* Work instruction *
From the listing below, copy each line that contains the word "longleftrightarrow".

--------------------------------------------------

definition strict_monoidal :: "('o,'m) mcat \<Rightarrow> bool" where
  "strict_monoidal C \<longleftrightarrow>
     unt C \<in> Ob C \<and>
     (\<forall>A\<in>Ob C. \<forall>B\<in>Ob C. tob C A B \<in> Ob C) \<and>
     (\<forall>A B A' B' f g. f \<in> Hom C A B \<longrightarrow> g \<in> Hom C A' B' \<longrightarrow>
        tm C f g \<in> Hom C (tob C A A') (tob C B B')) \<and>
     (\<forall>A B D A' B' D' f g f' g'. f \<in> Hom C A B \<longrightarrow> g \<in> Hom C B D \<longrightarrow>
        f' \<in> Hom C A' B' \<longrightarrow> g' \<in> Hom C B' D' \<longrightarrow>
        tm C (cmp C g f) (cmp C g' f') = cmp C (tm C g g') (tm C f f')) \<and>
     (\<forall>A\<in>Ob C. \<forall>B\<in>Ob C. tm C (idm C A) (idm C B) = idm C (tob C A B)) \<and>
     (\<forall>A\<in>Ob C. \<forall>B\<in>Ob C. \<forall>D\<in>Ob C. tob C (tob C A B) D = tob C A (tob C B D)) \<and>
     (\<forall>A B A' B' A'' B'' f g h. f \<in> Hom C A B \<longrightarrow> g \<in> Hom C A' B' \<longrightarrow> h \<in> Hom C A'' B'' \<longrightarrow>
        tm C (tm C f g) h = tm C f (tm C g h)) \<and>
     (\<forall>A\<in>Ob C. tob C (unt C) A = A \<and> tob C A (unt C) = A) \<and>
     (\<forall>A B f. f \<in> Hom C A B \<longrightarrow> tm C (idm C (unt C)) f = f \<and> tm C f (idm C (unt C)) = f)"

definition symmetric :: "('o,'m) mcat \<Rightarrow> bool" where
  "symmetric C \<longleftrightarrow>
     (\<forall>A\<in>Ob C. \<forall>B\<in>Ob C. swp C A B \<in> Hom C (tob C A B) (tob C B A)) \<and>
     (\<forall>A B A' B' f g. f \<in> Hom C A B \<longrightarrow> g \<in> Hom C A' B' \<longrightarrow>
        cmp C (swp C B B') (tm C f g) = cmp C (tm C g f) (swp C A A')) \<and>
     (\<forall>A\<in>Ob C. \<forall>B\<in>Ob C. cmp C (swp C B A) (swp C A B) = idm C (tob C A B)) \<and>
     (\<forall>A\<in>Ob C. \<forall>B\<in>Ob C. \<forall>D\<in>Ob C.
        swp C A (tob C B D) = cmp C (tm C (idm C B) (swp C A D)) (tm C (swp C A B) (idm C D)))"

definition markov_cat :: "('o,'m) mcat \<Rightarrow> bool" where
  "markov_cat C \<longleftrightarrow> category C \<and> strict_monoidal C \<and> symmetric C \<and>
     (\<forall>X\<in>Ob C. cpy C X \<in> Hom C X (tob C X X) \<and> dl C X \<in> Hom C X (unt C)) \<and>
     (\<forall>X\<in>Ob C. cmp C (tm C (dl C X) (idm C X)) (cpy C X) = idm C X \<and>
                cmp C (tm C (idm C X) (dl C X)) (cpy C X) = idm C X) \<and>
     (\<forall>X\<in>Ob C. cmp C (tm C (cpy C X) (idm C X)) (cpy C X) =
                cmp C (tm C (idm C X) (cpy C X)) (cpy C X)) \<and>
     (\<forall>X\<in>Ob C. cmp C (swp C X X) (cpy C X) = cpy C X) \<and>
     (\<forall>X\<in>Ob C. \<forall>Y\<in>Ob C. cpy C (tob C X Y) =
        cmp C (tm C (tm C (idm C X) (swp C X Y)) (idm C Y)) (tm C (cpy C X) (cpy C Y))) \<and>
     (\<forall>X\<in>Ob C. \<forall>Y\<in>Ob C. dl C (tob C X Y) = tm C (dl C X) (dl C Y)) \<and>
     (\<forall>A f. f \<in> Hom C A (unt C) \<longrightarrow> f = dl C A)"

definition deterministic :: "('o,'m) mcat \<Rightarrow> 'o \<Rightarrow> 'o \<Rightarrow> 'm \<Rightarrow> bool" where
  "deterministic C X Y f \<longleftrightarrow> f \<in> Hom C X Y \<and>
     cmp C (cpy C Y) f = cmp C (tm C f f) (cpy C X)"

definition pair :: "('o,'m) mcat \<Rightarrow> 'o \<Rightarrow> 'm \<Rightarrow> 'm \<Rightarrow> 'm" where
  "pair C A f g = cmp C (tm C f g) (cpy C A)"

definition margL :: "('o,'m) mcat \<Rightarrow> 'o \<Rightarrow> 'o \<Rightarrow> 'm \<Rightarrow> 'm" where
  "margL C X Y f = cmp C (tm C (idm C X) (dl C Y)) f"

definition margR :: "('o,'m) mcat \<Rightarrow> 'o \<Rightarrow> 'o \<Rightarrow> 'm \<Rightarrow> 'm" where
  "margR C X Y f = cmp C (tm C (dl C X) (idm C Y)) f"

--------------------------------------------------

* Your solution *
  "strict_monoidal C \<longleftrightarrow>
  "symmetric C \<longleftrightarrow>
  "markov_cat C \<longleftrightarrow> category C \<and> strict_monoidal C \<and> symmetric C \<and>
  "deterministic C X Y f \<longleftrightarrow> f \<in> Hom C X Y \<and>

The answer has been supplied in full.